# Pandas Practical Session

## Prerequisites

First, make sure that you are familiar with the two libraries we will use: 
* Numpy https://numpy.org/doc/stable/user/quickstart.html
* Pandas https://pandas.pydata.org/docs/user_guide/10min.html

Note that you don't need to master these libraries. 
You'll just need to know what are the basic notions supporting these libraries, e.g. objects and operations they implement. 
A careful reading of these starter documentations will be more than enough. 
You'll next spend more time experiencing with Pandas.
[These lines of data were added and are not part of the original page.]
(* Let $n\ge3$, $\rho>0$, and let $h$ be a smooth function on $[0,\rho)$ such that $$F(x,y)=\sqrt{(1+|\overline{x}|^2)|\overline{y}|^2+\langle\overline{x},\overline{y}\rangle^2+e^{x^0}(y^0)^2}+h(|\overline{x}|)\langle\overline{x},\overline{y}\rangle$$ is a Finsler metric on $\mathbb{R}\times\mathbb{B}^n(\rho)$ (for instance $h(r)=\frac{k}{1+r^2}$ with $|k|<2$). Then $F$ is a cylindrically symmetric Finsler metric with vanishing Douglas curvature.
   Context: Points $x=(x^0,\overline{x})\in\mathbb{R}\times\mathbb{B}^n(\rho)$, tangent vectors $y=(y^0,\overline{y})$, $|\cdot|,\langle\cdot,\cdot\rangle$ Euclidean on $\mathbb{R}^n$. A Finsler metric $F$ is cylindrically symmetric if $F((x^0,O\overline{x}),(y^0,O\overline{y}))=F((x^0,\overline{x}),(y^0,\overline{y}))$ for all $O\in O(n)$. The Douglas curvature is $D^A_{BCD}=\frac{\partial^3}{\partial y^B\partial y^C\partial y^D}\big(G^A-\frac{1}{n+2}\sum_{E=0}^n\frac{\partial G^E}{\partial y^E}y^A\big)$, $A,B,C,D\in\{0,\dots,n\}$, where $G^A=\frac14g^{AB}\{[F^2]_{x^Cy^B}y^C-[F^2]_{x^B}\}$ are the geodesic coefficients ($g_{AB}=\frac12[F^2]_{y^Ay^B}$, summation convention). *)

theory Defs
  imports "HOL-Analysis.Analysis"
begin

text \<open>Coordinates on R x R^n are indexed by the finite type 'n option:
  None is the coordinate 0 (x^0), Some i are the coordinates of xbar.\<close>

definition xbar :: "real^('n::finite) option \<Rightarrow> real^'n" where
  "xbar x = (\<chi> i. x $ Some i)"

definition dd :: "'a::real_normed_vector \<Rightarrow> ('a \<Rightarrow> real) \<Rightarrow> 'a \<Rightarrow> real" where
  "dd v f p = deriv (\<lambda>t. f (p + t *\<^sub>R v)) 0"

fun itdd :: "'a::real_normed_vector list \<Rightarrow> ('a \<Rightarrow> real) \<Rightarrow> 'a \<Rightarrow> real" where
  "itdd [] f = f"
| "itdd (v # vs) f = dd v (itdd vs f)"

definition smooth_on :: "'a::euclidean_space set \<Rightarrow> ('a \<Rightarrow> real) \<Rightarrow> bool" where
  "smooth_on S f \<longleftrightarrow> open S \<and>
     (\<forall>vs. set vs \<subseteq> Basis \<longrightarrow> continuous_on S (itdd vs f) \<and>
        (\<forall>v\<in>Basis. \<forall>p\<in>S. (\<lambda>t. itdd vs f (p + t *\<^sub>R v)) differentiable (at 0)))"

definition smooth_real_on :: "real set \<Rightarrow> (real \<Rightarrow> real) \<Rightarrow> bool" where
  "smooth_real_on S h \<longleftrightarrow> (\<exists>D :: nat \<Rightarrow> real \<Rightarrow> real.
     (\<forall>t\<in>S. D 0 t = h t) \<and>
     (\<forall>k. \<forall>t\<in>S. (D k has_real_derivative D (Suc k) t) (at t within S)))"

definition pdy :: "'m::finite \<Rightarrow> (real^'m \<Rightarrow> real^'m \<Rightarrow> real) \<Rightarrow> real^'m \<Rightarrow> real^'m \<Rightarrow> real" where
  "pdy A f x y = deriv (\<lambda>t. f x (y + t *\<^sub>R axis A 1)) 0"

definition pdx :: "'m::finite \<Rightarrow> (real^'m \<Rightarrow> real^'m \<Rightarrow> real) \<Rightarrow> real^'m \<Rightarrow> real^'m \<Rightarrow> real" where
  "pdx A f x y = deriv (\<lambda>t. f (x + t *\<^sub>R axis A 1) y) 0"

definition Fsq :: "(real^'m::finite \<Rightarrow> real^'m \<Rightarrow> real) \<Rightarrow> real^'m \<Rightarrow> real^'m \<Rightarrow> real" where
  "Fsq F x y = (F x y)^2"

definition fund_tensor :: "(real^'m::finite \<Rightarrow> real^'m \<Rightarrow> real) \<Rightarrow> real^'m \<Rightarrow> real^'m \<Rightarrow> real^'m^'m" where
  "fund_tensor F x y = (\<chi> A B. 1/2 * pdy A (pdy B (Fsq F)) x y)"

definition finsler_metric :: "(real^'m::finite) set \<Rightarrow> (real^'m \<Rightarrow> real^'m \<Rightarrow> real) \<Rightarrow> bool" where
  "finsler_metric M F \<longleftrightarrow> open M \<and>
     smooth_on (M \<times> (UNIV - {0})) (\<lambda>(x,y). F x y) \<and>
     (\<forall>x\<in>M. \<forall>y. y \<noteq> 0 \<longrightarrow> F x y > 0) \<and>
     (\<forall>x\<in>M. \<forall>y. \<forall>l::real. l > 0 \<longrightarrow> F x (l *\<^sub>R y) = l * F x y) \<and>
     (\<forall>x\<in>M. \<forall>y. y \<noteq> 0 \<longrightarrow>
        (\<forall>v. v \<noteq> 0 \<longrightarrow> (\<Sum>A\<in>UNIV. \<Sum>B\<in>UNIV. fund_tensor F x y $ A $ B * v $ A * v $ B) > 0))"
lemma finite_field_has_generator:
  "\<exists>g::'a::{field,finite}. (\<forall>x. x \<noteq> 0 \<longrightarrow> (\<exists>i. x = g ^ i)) \<and> (\<forall>n. g ^ n = 1 \<longleftrightarrow> (CARD('a) - 1) dvd n)"
proof -
  let ?R = "ring_of_type_algebra :: 'a ring"
  let ?G = "Multiplicative_Group.mult_of ?R"
  interpret field ?R by (rule field_from_type_algebra)
  interpret G: group ?G by (rule field_mult_group)
  have pow_eq: "x [^]\<^bsub>?G\<^esub> i = x ^ i" "x [^]\<^bsub>?R\<^esub> i = x ^ i" for x :: 'a and i :: nat
    by (induction i) (auto simp: ring_of_type_algebra_def Multiplicative_Group.mult_of_def)
  have carrier: "carrier ?G = UNIV - {0}" by (simp add: ring_of_type_algebra_def)
  obtain g where g: "g \<in> carrier ?G" "carrier ?G = {g [^]\<^bsub>?R\<^esub> i | i::nat. i \<in> UNIV}"
    using finite_field_mult_group_has_gen by (auto simp: ring_of_type_algebra_def)
  have powers: "carrier ?G = range ((^) g)"
    using g(2) by (simp only: pow_eq) auto
  have "finite (carrier ?G)" using carrier by simp
  hence "G.ord g \<noteq> 0" using G.ord_ge_1 g(1) by (metis not_one_le_zero)
  hence "generate ?G {g} = range ((^) g)"
    using G.generate_pow_nat[OF g(1)] by (simp only: pow_eq) auto
  hence "G.ord g = card (range ((^) g))"
    using G.generate_pow_card[OF g(1)] by (simp only:)
  also have "\<dots> = CARD('a) - 1"
    using powers carrier by (simp add: card_Diff_singleton)
  finally have "g ^ n = 1 \<longleftrightarrow> (CARD('a) - 1) dvd n" for n
    using G.pow_eq_id[OF g(1), of n]
    by (simp only: pow_eq) (simp add: Multiplicative_Group.mult_of_def ring_of_type_algebra_def)
  moreover have "\<exists>i. x = g ^ i" if "x \<noteq> 0" for x
    using that powers carrier by blast
  ultimately show ?thesis by blast
qed

lemma finite_field_pow_eq_one:
  fixes x :: "'a::{field,finite}"
  assumes "x \<noteq> 0" "(CARD('a) - 1) dvd n"
  shows "x ^ n = 1"
proof -
  obtain g :: 'a where g: "\<forall>x. x \<noteq> 0 \<longrightarrow> (\<exists>i. x = g ^ i)" "\<forall>n. g ^ n = 1 \<longleftrightarrow> (CARD('a) - 1) dvd n"
    using finite_field_has_generator by blast
  obtain i where "x = g ^ i" using g(1) assms(1) by blast
  hence "x ^ n = (g ^ n) ^ i" by (metis power_mult mult.commute)
  moreover have "g ^ n = 1" using g(2) assms(2) by blast
  ultimately show ?thesis by simp
qed

lemma finite_field_pow_mod:
  fixes x :: "'a::{field,finite}"
  assumes "x \<noteq> 0"
  shows "x ^ (n mod (CARD('a) - 1)) = x ^ n"
proof -
  let ?m = "CARD('a) - 1"
  have "x ^ n = (x ^ (?m * (n div ?m))) * x ^ (n mod ?m)"
    by (simp flip: power_add)
  thus ?thesis using finite_field_pow_eq_one[OF assms] by simp
qed

definition dot :: "nat \<Rightarrow> (nat \<Rightarrow> int) \<Rightarrow> (nat \<Rightarrow> int) \<Rightarrow> int" where
  "dot k u v = (\<Sum>j<k. u j * v j)"

definition int_submodule :: "(nat \<Rightarrow> int) set \<Rightarrow> bool" where
  "int_submodule L \<longleftrightarrow> (\<lambda>_. 0) \<in> L \<and> (\<forall>u\<in>L. \<forall>w\<in>L. (\<lambda>j. u j + w j) \<in> L) \<and>
     (\<forall>u\<in>L. \<forall>c. (\<lambda>j. c * u j) \<in> L)"

lemma dot_add_scale: "dot k (\<lambda>j. u j + c * w j) v = dot k u v + c * dot k w v"
  unfolding dot_def by (simp add: algebra_simps sum.distrib sum_distrib_left)

lemma dot_scale: "dot k (\<lambda>j. c * u j) v = c * dot k u v"
  unfolding dot_def by (simp add: algebra_simps sum_distrib_left)

lemma dot_Suc: "dot (Suc k) u v = dot k u v + u k * v k"
  unfolding dot_def by simp

lemma dot_cong: "(\<And>j. j < k \<Longrightarrow> u j = u' j) \<Longrightarrow> (\<And>j. j < k \<Longrightarrow> v j = v' j) \<Longrightarrow> dot k u v = dot k u' v'"
  unfolding dot_def by (rule sum.cong) auto

lemma int_submodule_scale: "int_submodule L \<Longrightarrow> u \<in> L \<Longrightarrow> (\<lambda>j. c * u j) \<in> L"
  unfolding int_submodule_def by blast

lemma int_submodule_add_scale: "int_submodule L \<Longrightarrow> u \<in> L \<Longrightarrow> w \<in> L \<Longrightarrow> (\<lambda>j. u j + c * w j) \<in> L"
  unfolding int_submodule_def by metis

lemma int_submodule_coordinate_zero: "int_submodule L \<Longrightarrow> int_submodule {l \<in> L. l k = 0}"
  unfolding int_submodule_def by auto

lemma int_submodule_coordinate_generator:
  assumes L: "int_submodule L" and l: "l \<in> L" "l k \<noteq> 0"
  obtains b where "b \<in> L" "0 < b k" "\<forall>l\<in>L. b k dvd l k"
proof -
  define A where "A = {x::nat. 0 < x \<and> (\<exists>l\<in>L. l k = int x)}"
  have "(\<lambda>j. sgn (l k) * l j) \<in> L" by (rule int_submodule_scale[OF L l(1)])
  moreover have "sgn (l k) * l k = int (nat \<bar>l k\<bar>)" by (simp add: sgn_if)
  ultimately have "nat \<bar>l k\<bar> \<in> A" unfolding A_def using l(2) by force
  hence "(LEAST x. x \<in> A) \<in> A" by (rule LeastI)
  then obtain b where b: "b \<in> L" "b k = int (LEAST x. x \<in> A)" "0 < b k" unfolding A_def by auto
  have "b k dvd l' k" if l': "l' \<in> L" for l'
  proof (rule ccontr)
    let ?r = "l' k mod b k"
    assume "\<not> b k dvd l' k"
    hence "?r \<noteq> 0" by (simp add: dvd_eq_mod_eq_0)
    hence r: "0 < ?r" "?r < b k"
      using b(3) pos_mod_sign[of "b k" "l' k"] pos_mod_bound[of "b k" "l' k"] by linarith+
    let ?l = "\<lambda>j. l' j + (- (l' k div b k)) * b j"
    have "?l \<in> L" by (rule int_submodule_add_scale[OF L l' b(1)])
    moreover have "?l k = int (nat ?r)"
      using r(1) by (simp add: minus_div_mult_eq_mod[symmetric] algebra_simps)
    ultimately have "nat ?r \<in> A" unfolding A_def using r(1) by (intro CollectI conjI bexI) simp_all
    hence "(LEAST x. x \<in> A) \<le> nat ?r" by (rule Least_le)
    thus False using r b(2) by linarith
  qed
  thus ?thesis using that b(1,3) by blast
qed

lemma orthogonal_mod_coordinate_dvd:
  fixes m :: int
  assumes m: "0 < m" and mk: "(\<lambda>i. if i = k then m else 0) \<in> L"
    and b: "0 < b k" "\<forall>l\<in>L. b k dvd l k"
    and e: "\<forall>v. (\<forall>l\<in>L. m dvd dot (Suc k) l v) \<longrightarrow> m dvd dot (Suc k) e v"
  shows "b k dvd e k"
proof -
  obtain c where c: "m = b k * c" using b(2) mk by force
  have "0 < c" using m b(1) c by (simp add: zero_less_mult_iff)
  define v where "v = (\<lambda>j. if j = k then c else 0)"
  have dot_v: "dot (Suc k) u v = u k * c" for u
  proof -
    have "dot k u v = 0" unfolding dot_def v_def by (rule sum.neutral) auto
    thus ?thesis by (simp add: dot_Suc v_def)
  qed
  have "\<forall>l\<in>L. m dvd dot (Suc k) l v"
    using b(2) c by (auto simp: dot_v)
  hence "m dvd dot (Suc k) e v" using e by blast
  hence "b k * c dvd e k * c" using c by (simp add: dot_v)
  thus ?thesis using \<open>0 < c\<close> by simp
qed

text \<open>A test vector u for the sublattice {l \<in> L. l k = 0} is extended by a k-th entry making b
  orthogonal to it; every l \<in> L differs from a multiple of b by an element of the sublattice.\<close>

lemma orthogonal_mod_restrict:
  fixes m :: int
  assumes m: "0 < m" and L: "int_submodule L" and mk: "(\<lambda>i. if i = k then m else 0) \<in> L"
    and b: "b \<in> L" "0 < b k" "\<forall>l\<in>L. b k dvd l k"
    and e: "\<forall>v. (\<forall>l\<in>L. m dvd dot (Suc k) l v) \<longrightarrow> m dvd dot (Suc k) e v" and s: "e k = b k * s"
  shows "\<forall>u. (\<forall>l\<in>{l \<in> L. l k = 0}. m dvd dot k l u) \<longrightarrow> m dvd dot k (\<lambda>j. e j + (- s) * b j) u"
proof (intro allI impI)
  fix u assume u: "\<forall>l\<in>{l \<in> L. l k = 0}. m dvd dot k l u"
  obtain c where c: "m = b k * c" using b(3) mk by force
  have "0 < c" using m b(2) c by (simp add: zero_less_mult_iff)
  have "(\<lambda>j. c * b j + (- 1) * (if j = k then m else 0)) \<in> L"
    by (rule int_submodule_add_scale[OF L int_submodule_scale[OF L b(1)] mk])
  hence "m dvd dot k (\<lambda>j. c * b j + (- 1) * (if j = k then m else 0)) u"
    using u c by simp
  also have "dot k (\<lambda>j. c * b j + (- 1) * (if j = k then m else 0)) u = c * dot k b u"
    by (simp add: dot_cong[of k _ "\<lambda>j. c * b j" u u] dot_scale)
  finally have "b k * c dvd dot k b u * c" using c by (simp add: mult.commute)
  then obtain t where t: "dot k b u = b k * t" using \<open>0 < c\<close> by auto
  define v where "v = (\<lambda>j. if j = k then - t else u j)"
  have dot_v: "dot (Suc k) l v = dot k l u - l k * t" for l
    using dot_cong[of k l l v u] by (simp add: dot_Suc v_def)
  have "m dvd dot (Suc k) l v" if l: "l \<in> L" for l
  proof -
    obtain s' where s': "l k = b k * s'" using b(3) l by blast
    have "(\<lambda>j. l j + (- s') * b j) \<in> L" by (rule int_submodule_add_scale[OF L l b(1)])
    hence "m dvd dot k (\<lambda>j. l j + (- s') * b j) u" using u s' by simp
    also have "dot k (\<lambda>j. l j + (- s') * b j) u = dot (Suc k) l v"
      by (simp only: dot_add_scale dot_v t s') (simp add: algebra_simps)
    finally show ?thesis .
  qed
  hence "m dvd dot (Suc k) e v" using e by blast
  also have "dot (Suc k) e v = dot k (\<lambda>j. e j + (- s) * b j) u"
    by (simp only: dot_add_scale dot_v t s) (simp add: algebra_simps)
  finally show "m dvd dot k (\<lambda>j. e j + (- s) * b j) u" .
qed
Recall the recommended slides about Pandas:  

https://stefmolin.github.io/pandas-workshop/slides/html/combined.slides.html#/

## Pandas to get insights on a French COVID-19 dataset

We ask you to use and develop your Pandas skills to analyse a French dataset related to COVID 19. 

We will analyse the measured contamination rate in France based on a public dataset. 

See https://www.data.gouv.fr/fr/datasets/donnees-relatives-aux-resultats-des-tests-virologiques-covid-19/

Please download the dataset providing specific contamination numbers per department: `sp-pos-quot-dep-*.csv`

The data file you'll use looks like:

    >head data/sp-pos-quot-dep-2022-01-16-19h08.csv 
    dep;jour;P;T;cl_age90;pop
    01;2020-05-13;0;16;09;83001
    01;2020-05-13;1;17;19;84665
    01;2020-05-13;0;34;29;65496
    01;2020-05-13;1;72;39;85588
    01;2020-05-13;0;54;49;89678
    01;2020-05-13;0;42;59;89791
    01;2020-05-13;0;29;69;73500
    01;2020-05-13;1;30;79;51011
    01;2020-05-13;4;29;89;26830


Answer the following questions (estimated time 4 hours): 
* Use your favorite search engine
* Consult Pandas' official documentation

---
**Question 1** : Import required packages : `numpy` (np) and `pandas` (pd)

---
**Question 2** : Use Pandas to load the dataset into a DataFrame


---
**Question 3** : 
Load directly the remote file passing the URL

---
**Question 4** : 
* show the column names 
* check the data types of each columns 
* show a quick summary of the dataset
* show basic information that could be useful for a raw descriptive analysis

Make sure you have no warning and set the 'jour' column to a data type suited to deal with dates. 

---
**Question 5**: Show the first 100 rows of your dataframe.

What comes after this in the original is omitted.